WHAT THE TASK REQUIRES:
Only lines with the word "inverse" are wanted; copy each of them from the listing below.

(INFORMATION SHOWN)

definition Linf :: "(complex \<Rightarrow> complex) \<Rightarrow> bool" where
  "Linf f \<longleftrightarrow> (\<lambda>\<theta>. f (cis \<theta>)) \<in> borel_measurable (restrict_space lborel {0..2*pi})
      \<and> (\<exists>M. AE \<theta> in lborel. \<theta> \<in> {0..2*pi} \<longrightarrow> norm (f (cis \<theta>)) \<le> M)"

definition ess_norm :: "(complex \<Rightarrow> complex) \<Rightarrow> real" where
  "ess_norm f = Inf {M. AE \<theta> in lborel. \<theta> \<in> {0..2*pi} \<longrightarrow> norm (f (cis \<theta>)) \<le> M}"

definition fourier :: "(complex \<Rightarrow> complex) \<Rightarrow> int \<Rightarrow> complex" where
  "fourier f m = (1 / (2 * pi)) * (LINT \<theta>:{0..2*pi}|lborel. f (cis \<theta>) * cis (- (of_int m * \<theta>)))"

definition G_set :: "(nat \<Rightarrow> nat \<Rightarrow> complex) \<Rightarrow> nat \<Rightarrow> (complex \<Rightarrow> complex) set" where
  "G_set A N = {f. Linf f \<and> (\<forall>j\<le>N. \<forall>k\<le>N. fourier f (int j - int k) = A j k)}"

definition c_A :: "(nat \<Rightarrow> nat \<Rightarrow> complex) \<Rightarrow> nat \<Rightarrow> real" where
  "c_A A N = Inf (ess_norm ` G_set A N)"

definition alt_step :: "(complex \<Rightarrow> complex) \<Rightarrow> real \<Rightarrow> nat \<Rightarrow> bool" where
  "alt_step f c n \<longleftrightarrow> (\<exists>t :: nat \<Rightarrow> real. \<exists>s :: real. (s = 1 \<or> s = -1)
      \<and> (\<forall>k<2*n. t k < t (Suc k)) \<and> t (2*n) = t 0 + 2*pi
      \<and> (\<forall>k<2*n. AE \<theta> in lborel. \<theta> \<in> {t k<..<t (Suc k)} \<longrightarrow>
            f (cis \<theta>) = complex_of_real (s * (-1)^k * c)))"

end

theory Submission
  imports Defs
begin

text \<open>On the circle the Blaschke product is \<open>cis \<Phi>\<close> for a continuous, strictly increasing
  argument \<open>\<Phi>\<close> with \<open>\<Phi> (t + 2\<pi>) = \<Phi> t + 2\<pi>n\<close>, and
  \<open>(1 + cis p) / (1 - cis p) = \<i> sin p / (1 - cos p)\<close>, so \<open>\<psi> = c sgn (sin \<Phi>)\<close>: it changes
  sign exactly where \<open>\<Phi>\<close> crosses a multiple of \<open>\<pi>\<close>, i.e. \<open>2n\<close> times per turn.
  For minimality, \<open>g = sin \<Phi> |\<Prod>\<^sub>k (1 - a\<^sub>k\<^sup>* z)|\<^sup>2 = Im (\<lambda> \<Prod>\<^sub>k (z - a\<^sub>k)(1 - a\<^sub>k z\<^sup>*))\<close>
  is a real trigonometric polynomial of degree \<open>n \<le> N\<close> with \<open>\<psi> g = c |g|\<close>. If \<open>f\<close> shares the
  Fourier coefficients of \<open>\<psi>\<close> up to index \<open>N\<close>, then \<open>\<psi> - f\<close> is orthogonal to \<open>g\<close>, hence
  \<open>c \<integral>|g| = \<integral>\<psi> g = \<integral>f g \<le> \<parallel>f\<parallel>\<^sub>\<infinity> \<integral>|g|\<close> and \<open>\<parallel>f\<parallel>\<^sub>\<infinity> \<ge> c = \<parallel>\<psi>\<parallel>\<^sub>\<infinity>\<close>.\<close>

section \<open>Blaschke products on the circle\<close>

definition blaschke_factor_arg :: "complex \<Rightarrow> real \<Rightarrow> real" where
  "blaschke_factor_arg a t = t + 2 * Arg (1 - a * cis (- t))"

lemma Re_one_minus_mult_cis_pos:
  assumes "norm a < 1" shows "0 < Re (1 - a * cis t)"
proof -
  have "Re (a * cis t) \<le> norm (a * cis t)" by (rule complex_Re_le_cmod)
  also have "\<dots> = norm a" by (simp add: norm_mult)
  finally show ?thesis using assms by simp
qed

lemma div_cnj_eq_cis_Arg:
  assumes "u \<noteq> 0" shows "u / cnj u = cis (2 * Arg u)"
proof -
  have u: "u = complex_of_real (norm u) * cis (Arg u)"
    using rcis_cmod_Arg[of u] by (simp add: rcis_def)
  have "cnj u = complex_of_real (norm u) * cis (- Arg u)"
    by (subst u) (simp add: cis_cnj)
  then have "u / cnj u = cis (Arg u) / cis (- Arg u)"
    using assms by (subst (1) u) (simp add: field_simps)
  also have "\<dots> = cis (2 * Arg u)" by (simp add: cis_divide)
  finally show ?thesis .
qed

lemma blaschke_factor_cis:
  assumes "norm a < 1"
  shows "(cis t - a) / (1 - cnj a * cis t) = cis (blaschke_factor_arg a t)"
proof -
  define u where "u = 1 - a * cis (- t)"
  have "0 < Re u" unfolding u_def by (rule Re_one_minus_mult_cis_pos[OF assms])
  then have "u \<noteq> 0" by auto
  moreover have "cis t - a = cis t * u" "1 - cnj a * cis t = cnj u"
    by (simp_all add: u_def algebra_simps cis_mult cis_cnj)
  ultimately have "(cis t - a) / (1 - cnj a * cis t) = cis t * (u / cnj u)"
    by simp
  also have "\<dots> = cis t * cis (2 * Arg u)"
    using \<open>u \<noteq> 0\<close> by (simp add: div_cnj_eq_cis_Arg)
  finally
  show ?thesis by (simp add: cis_mult blaschke_factor_arg_def u_def)
qed

lemma arctan_quotient_derivative_identity:
  fixes R I S :: real
  assumes "0 < R" and "R = 1 - S"
  shows "1 + 2 * (inverse (1 + (I / R)\<^sup>2) * ((S * R - I * I) / (R * R)))
       = (1 - (S\<^sup>2 + I\<^sup>2)) / (R\<^sup>2 + I\<^sup>2)"
proof -
  have D: "0 < R\<^sup>2 + I\<^sup>2" using assms(1) by (simp add: add_pos_nonneg)
  have "1 + (I / R)\<^sup>2 = (R\<^sup>2 + I\<^sup>2) / R\<^sup>2" using assms(1) by (simp add: field_simps)
  then have "1 + 2 * (inverse (1 + (I / R)\<^sup>2) * ((S * R - I * I) / (R * R)))
      = 1 + 2 * ((S * R - I * I) / (R\<^sup>2 + I\<^sup>2))"
    using assms(1) D by (simp add: power2_eq_square)
  also have "\<dots> = (R\<^sup>2 + I\<^sup>2 + 2 * (S * R - I * I)) / (R\<^sup>2 + I\<^sup>2)"
    using assms(1) by (simp add: add_divide_distrib)
  also have "R\<^sup>2 + I\<^sup>2 + 2 * (S * R - I * I) = 1 - (S\<^sup>2 + I\<^sup>2)"
    unfolding assms(2) by (simp add: power2_eq_square algebra_simps)
  finally show ?thesis .
qed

(End INFORMATION SHOWN)

FINISHED TASK:
  shows "1 + 2 * (inverse (1 + (I / R)\<^sup>2) * ((S * R - I * I) / (R * R)))
  then have "1 + 2 * (inverse (1 + (I / R)\<^sup>2) * ((S * R - I * I) / (R * R)))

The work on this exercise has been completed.